Provided data:
(* Consider the Geo/Geo/1/K queue described in the context and let the performance be the blocking indicator $Z_n=\mathbf 1\{X_n=K\}$ (an arrival in slot $n$ is blocked iff the queue is full). For an observed queue size $x\in\{0,\dots,K\}$ and lead time $L\ge0$, $$D_n(L)=\big|P^L(x,K)-\pi(K)\big|=\Big|\frac{2}{K+1}\beta^{\frac{K-x}{2}}\sum_{k=1}^K\frac{\gamma_k^L}{1-2\sqrt\beta\cos\frac{k\pi}{K+1}+\beta}\Big[\sin\tfrac{xk\pi}{K+1}-\sqrt\beta\sin\tfrac{(x+1)k\pi}{K+1}\Big]\sin\tfrac{Kk\pi}{K+1}\Big|,$$ where $\gamma_k=\alpha\mu+\bar\alpha\bar\mu+2\sqrt{\alpha\mu\bar\alpha\bar\mu}\cos\frac{k\pi}{K+1}$ and $\beta=\frac{\alpha\bar\mu}{\mu\bar\alpha}$.
   Context: Geo/Geo/1/K queue: parameters $\alpha,\mu\in(0,1)$, $\bar\alpha=1-\alpha$, $\bar\mu=1-\mu$, buffer size $K\ge1$, with $\beta=\alpha\bar\mu/(\mu\bar\alpha)\ne1$. The queue size $(X_n)$ is a Markov chain on $\{0,\dots,K\}$ with $P(i,i+1)=\alpha\bar\mu$ for $0\le i\le K-1$; $P(i,i-1)=\mu\bar\alpha$ for $1\le i\le K$; $P(0,0)=1-\alpha\bar\mu$; $P(i,i)=\alpha\mu+\bar\alpha\bar\mu$ for $1\le i\le K-1$; $P(K,K)=1-\mu\bar\alpha$; all other entries $0$; $P^L$ is its $L$-th power. Its stationary distribution is $\pi(y)=\frac{1-\beta}{1-\beta^{K+1}}\beta^y$, and the chain is started in $\pi$. $\|p-q\|_{TV}=\frac12\sum_z|p(z)-q(z)|$; predictability $D_n(L)=\|\Pr(Z_{n+L}\in\cdot\mid X_n=x)-\Pr(Z_{n+L}\in\cdot)\|_{TV}$. *)

theory Defs
  imports Complex_Main
begin

definition geoP :: "real \<Rightarrow> real \<Rightarrow> nat \<Rightarrow> nat \<Rightarrow> nat \<Rightarrow> real" where
  "geoP \<alpha> \<mu> K i j =
    (if i \<le> K \<and> j \<le> K then
       (if j = i + 1 then \<alpha> * (1 - \<mu>)
        else if i = j + 1 then \<mu> * (1 - \<alpha>)
        else if i = j then
          (if i = 0 then 1 - \<alpha> * (1 - \<mu>)
           else if i = K then 1 - \<mu> * (1 - \<alpha>)
           else \<alpha> * \<mu> + (1 - \<alpha>) * (1 - \<mu>))
        else 0)
     else 0)"

fun geoPpow :: "real \<Rightarrow> real \<Rightarrow> nat \<Rightarrow> nat \<Rightarrow> nat \<Rightarrow> nat \<Rightarrow> real" where
  "geoPpow \<alpha> \<mu> K 0 i j = (if i = j then 1 else 0)"
| "geoPpow \<alpha> \<mu> K (Suc L) i j = (\<Sum>m\<le>K. geoPpow \<alpha> \<mu> K L i m * geoP \<alpha> \<mu> K m j)"

definition geo_beta :: "real \<Rightarrow> real \<Rightarrow> real" where
  "geo_beta \<alpha> \<mu> = \<alpha> * (1 - \<mu>) / (\<mu> * (1 - \<alpha>))"

definition geo_pi :: "real \<Rightarrow> real \<Rightarrow> nat \<Rightarrow> nat \<Rightarrow> real" where
  "geo_pi \<alpha> \<mu> K y = (1 - geo_beta \<alpha> \<mu>) / (1 - geo_beta \<alpha> \<mu> ^ (K + 1)) * geo_beta \<alpha> \<mu> ^ y"

definition block_ind :: "nat \<Rightarrow> nat \<Rightarrow> nat" where
  "block_ind K y = (if y = K then 1 else 0)"

definition cond_law_Z :: "real \<Rightarrow> real \<Rightarrow> nat \<Rightarrow> nat \<Rightarrow> nat \<Rightarrow> nat \<Rightarrow> real" where
  "cond_law_Z \<alpha> \<mu> K L x z = (\<Sum>y\<in>{y. y \<le> K \<and> block_ind K y = z}. geoPpow \<alpha> \<mu> K L x y)"

text \<open>Pr(Z_m = z) when X_0 is distributed as pi: law of X_m is pi P^m.\<close>
definition law_Z :: "real \<Rightarrow> real \<Rightarrow> nat \<Rightarrow> nat \<Rightarrow> nat \<Rightarrow> real" where
  "law_Z \<alpha> \<mu> K m z = (\<Sum>y\<in>{y. y \<le> K \<and> block_ind K y = z}.
      \<Sum>w\<le>K. geo_pi \<alpha> \<mu> K w * geoPpow \<alpha> \<mu> K m w y)"

definition tv01 :: "(nat \<Rightarrow> real) \<Rightarrow> (nat \<Rightarrow> real) \<Rightarrow> real" where
  "tv01 p q = (1/2) * (\<Sum>z\<in>{0,1}. \<bar>p z - q z\<bar>)"

definition predictability :: "real \<Rightarrow> real \<Rightarrow> nat \<Rightarrow> nat \<Rightarrow> nat \<Rightarrow> nat \<Rightarrow> real" where
  "predictability \<alpha> \<mu> K n L x = tv01 (cond_law_Z \<alpha> \<mu> K L x) (law_Z \<alpha> \<mu> K (n + L))"

end

theory Submission
  imports Defs
begin

(* The chain is reversible with respect to pi (detailed balance), so pi is stationary and, Z being
   a 0/1 variable, the predictability is |P^L(x,K) - pi(K)|.  For the spectral formula put
   s = sqrt beta and theta_k = k pi/(K+1).  For k = 1..K the vector
   y \<mapsto> s^(K-y) (sin (y theta_k) - s sin ((y+1) theta_k)) is a right eigenvector of P with
   eigenvalue gamma_k (the boundary row at K holds because sin ((K+1) theta_k) = 0), and the
   constant vector has eigenvalue 1.  Discrete sine orthogonality expands the indicator of K in
   these K+1 eigenvectors, the constant coefficient being pi(K); applying P^L to the expansion
   multiplies the k-th term by gamma_k^L. *)

lemma geoP_row_expand:
  assumes "x \<le> K"
  shows "(\<Sum>m\<le>K. geoP \<alpha> \<mu> K x m * f m) =
      (if x < K then \<alpha> * (1 - \<mu>) * f (x + 1) else 0)
    + (if 0 < x then \<mu> * (1 - \<alpha>) * f (x - 1) else 0)
    + (if x = 0 then 1 - \<alpha> * (1 - \<mu>) else if x = K then 1 - \<mu> * (1 - \<alpha>)
       else \<alpha> * \<mu> + (1 - \<alpha>) * (1 - \<mu>)) * f x"
proof -
  let ?d = "if x = 0 then 1 - \<alpha> * (1 - \<mu>) else if x = K then 1 - \<mu> * (1 - \<alpha>)
            else \<alpha> * \<mu> + (1 - \<alpha>) * (1 - \<mu>)"
  have "(\<Sum>m\<le>K. geoP \<alpha> \<mu> K x m * f m) =
      (\<Sum>m\<le>K. if m = x + 1 then \<alpha> * (1 - \<mu>) * f m else 0)
    + (\<Sum>m\<le>K. if 0 < x then if m = x - 1 then \<mu> * (1 - \<alpha>) * f m else 0 else 0)
    + (\<Sum>m\<le>K. if m = x then ?d * f m else 0)"
    unfolding sum.distrib[symmetric] using assms
    by (intro sum.cong) (auto simp: geoP_def)
  then show ?thesis
    using assms by auto
qed

lemma geoP_row_sum:
  assumes "x \<le> K" "1 \<le> K"
  shows "(\<Sum>m\<le>K. geoP \<alpha> \<mu> K x m) = 1"
  using geoP_row_expand[OF assms(1), of \<alpha> \<mu> "\<lambda>_. 1"] assms by (auto simp: algebra_simps)

lemma geoPpow_right_eigen:
  assumes eigen: "\<And>m. m \<le> K \<Longrightarrow> (\<Sum>j\<le>K. geoP \<alpha> \<mu> K m j * v j) = \<gamma> * v m"
    and "y \<le> K"
  shows "(\<Sum>m\<le>K. geoPpow \<alpha> \<mu> K L y m * v m) = \<gamma> ^ L * v y"
proof (induction L)
  case 0
  have "geoPpow \<alpha> \<mu> K 0 y m * v m = (if y = m then v m else 0)" for m
    by simp
  then show ?case using \<open>y \<le> K\<close> by (simp add: sum.delta)
next
  case (Suc L)
  have "(\<Sum>j\<le>K. geoPpow \<alpha> \<mu> K (Suc L) y j * v j)
      = (\<Sum>m\<le>K. geoPpow \<alpha> \<mu> K L y m * (\<Sum>j\<le>K. geoP \<alpha> \<mu> K m j * v j))"
    unfolding geoPpow.simps sum_distrib_left sum_distrib_right mult.assoc by (rule sum.swap)
  also have "\<dots> = \<gamma> * (\<Sum>m\<le>K. geoPpow \<alpha> \<mu> K L y m * v m)"
    by (simp add: eigen sum_distrib_left mult.left_commute)
  finally show ?case using Suc by simp
qed

lemma geoPpow_row_sum:
  assumes "x \<le> K" "1 \<le> K"
  shows "(\<Sum>y\<le>K. geoPpow \<alpha> \<mu> K L x y) = 1"
  using geoPpow_right_eigen[of K \<alpha> \<mu> "\<lambda>_. 1" 1 x L] geoP_row_sum assms by simp

lemma geoPpow_left_invariant:
  assumes inv: "\<And>y. y \<le> K \<Longrightarrow> (\<Sum>w\<le>K. p w * geoP \<alpha> \<mu> K w y) = p y"
    and "y \<le> K"
  shows "(\<Sum>w\<le>K. p w * geoPpow \<alpha> \<mu> K L w y) = p y"
  using \<open>y \<le> K\<close>
proof (induction L arbitrary: y)
  case 0
  have "p w * geoPpow \<alpha> \<mu> K 0 w y = (if w = y then p w else 0)" for w
    by simp
  then show ?case using 0 by (simp add: sum.delta')
next
  case (Suc L)
  have "(\<Sum>w\<le>K. p w * geoPpow \<alpha> \<mu> K (Suc L) w y)
      = (\<Sum>m\<le>K. (\<Sum>w\<le>K. p w * geoPpow \<alpha> \<mu> K L w m) * geoP \<alpha> \<mu> K m y)"
    unfolding geoPpow.simps sum_distrib_left sum_distrib_right mult.assoc by (rule sum.swap)
  also have "\<dots> = p y"
    using Suc inv by simp
  finally show ?case .
qed

lemma geo_beta_balance:
  assumes "\<mu> * (1 - \<alpha>) \<noteq> 0"
  shows "\<alpha> * (1 - \<mu>) = \<mu> * (1 - \<alpha>) * geo_beta \<alpha> \<mu>"
  using assms unfolding geo_beta_def by simp

lemma geo_beta_pos:
  assumes "0 < \<alpha>" "\<alpha> < 1" "0 < \<mu>" "\<mu> < 1"
  shows "0 < geo_beta \<alpha> \<mu>"
  unfolding geo_beta_def using assms by simp

lemma geoP_detailed_balance:
  assumes "\<mu> * (1 - \<alpha>) \<noteq> 0"
  shows "geo_beta \<alpha> \<mu> ^ i * geoP \<alpha> \<mu> K i j = geo_beta \<alpha> \<mu> ^ j * geoP \<alpha> \<mu> K j i"
proof -
  have "geo_beta \<alpha> \<mu> * (\<mu> * (1 - \<alpha>)) = \<alpha> * (1 - \<mu>)"
    using geo_beta_balance[OF assms] by simp
  then show ?thesis
    unfolding geoP_def by (cases "i = j + 1"; cases "j = i + 1"; simp add: algebra_simps)
qed

lemma geo_pi_invariant:
  assumes "\<mu> * (1 - \<alpha>) \<noteq> 0" "1 \<le> K" "y \<le> K"
  shows "(\<Sum>w\<le>K. geo_pi \<alpha> \<mu> K w * geoPpow \<alpha> \<mu> K L w y) = geo_pi \<alpha> \<mu> K y"
proof (rule geoPpow_left_invariant[OF _ assms(3)])
  fix y assume "y \<le> K"
  have "(\<Sum>w\<le>K. geo_pi \<alpha> \<mu> K w * geoP \<alpha> \<mu> K w y)
      = geo_pi \<alpha> \<mu> K y * (\<Sum>w\<le>K. geoP \<alpha> \<mu> K y w)"
    unfolding geo_pi_def sum_distrib_left
    by (intro sum.cong) (simp_all add: geoP_detailed_balance[OF assms(1)] mult_ac)
  then show "(\<Sum>w\<le>K. geo_pi \<alpha> \<mu> K w * geoP \<alpha> \<mu> K w y) = geo_pi \<alpha> \<mu> K y"
    using geoP_row_sum[OF \<open>y \<le> K\<close> assms(2)] by simp
qed

lemma geo_pi_eq:
  assumes "geo_beta \<alpha> \<mu> \<noteq> 1"
  shows "geo_pi \<alpha> \<mu> K y = geo_beta \<alpha> \<mu> ^ y / (\<Sum>i\<le>K. geo_beta \<alpha> \<mu> ^ i)"
proof -
  have "(\<Sum>i\<le>K. geo_beta \<alpha> \<mu> ^ i) = (1 - geo_beta \<alpha> \<mu> ^ (K + 1)) / (1 - geo_beta \<alpha> \<mu>)"
    using sum_gp_strict[of "geo_beta \<alpha> \<mu>" "K + 1"] assms by (simp add: lessThan_Suc_atMost)
  then show ?thesis
    unfolding geo_pi_def using assms by simp
qed

lemma geo_pi_sum:
  assumes "0 < \<alpha>" "\<alpha> < 1" "0 < \<mu>" "\<mu> < 1" "geo_beta \<alpha> \<mu> \<noteq> 1"
  shows "(\<Sum>y\<le>K. geo_pi \<alpha> \<mu> K y) = 1"
proof -
  have "(\<Sum>i\<le>K. geo_beta \<alpha> \<mu> ^ i) > 0"
    using geo_beta_pos[OF assms(1-4)] by (intro sum_pos) auto
  then show ?thesis
    unfolding geo_pi_eq[OF assms(5)] sum_divide_distrib[symmetric] by simp
qed

lemma tv01_eq: "tv01 p q = (\<bar>p 0 - q 0\<bar> + \<bar>p 1 - q 1\<bar>) / 2"
  unfolding tv01_def by simp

About this task: Every line from the line containing "- \<alpha>)) = \<alpha>" through the line containing "K w y) = geo_pi" in the records above must be retyped exactly. Leave out the rest.

Response below:
  have "geo_beta \<alpha> \<mu> * (\<mu> * (1 - \<alpha>)) = \<alpha> * (1 - \<mu>)"
    using geo_beta_balance[OF assms] by simp
  then show ?thesis
    unfolding geoP_def by (cases "i = j + 1"; cases "j = i + 1"; simp add: algebra_simps)
qed

lemma geo_pi_invariant:
  assumes "\<mu> * (1 - \<alpha>) \<noteq> 0" "1 \<le> K" "y \<le> K"
  shows "(\<Sum>w\<le>K. geo_pi \<alpha> \<mu> K w * geoPpow \<alpha> \<mu> K L w y) = geo_pi \<alpha> \<mu> K y"
proof (rule geoPpow_left_invariant[OF _ assms(3)])
  fix y assume "y \<le> K"
  have "(\<Sum>w\<le>K. geo_pi \<alpha> \<mu> K w * geoP \<alpha> \<mu> K w y)
      = geo_pi \<alpha> \<mu> K y * (\<Sum>w\<le>K. geoP \<alpha> \<mu> K y w)"
    unfolding geo_pi_def sum_distrib_left
    by (intro sum.cong) (simp_all add: geoP_detailed_balance[OF assms(1)] mult_ac)
  then show "(\<Sum>w\<le>K. geo_pi \<alpha> \<mu> K w * geoP \<alpha> \<mu> K w y) = geo_pi \<alpha> \<mu> K y"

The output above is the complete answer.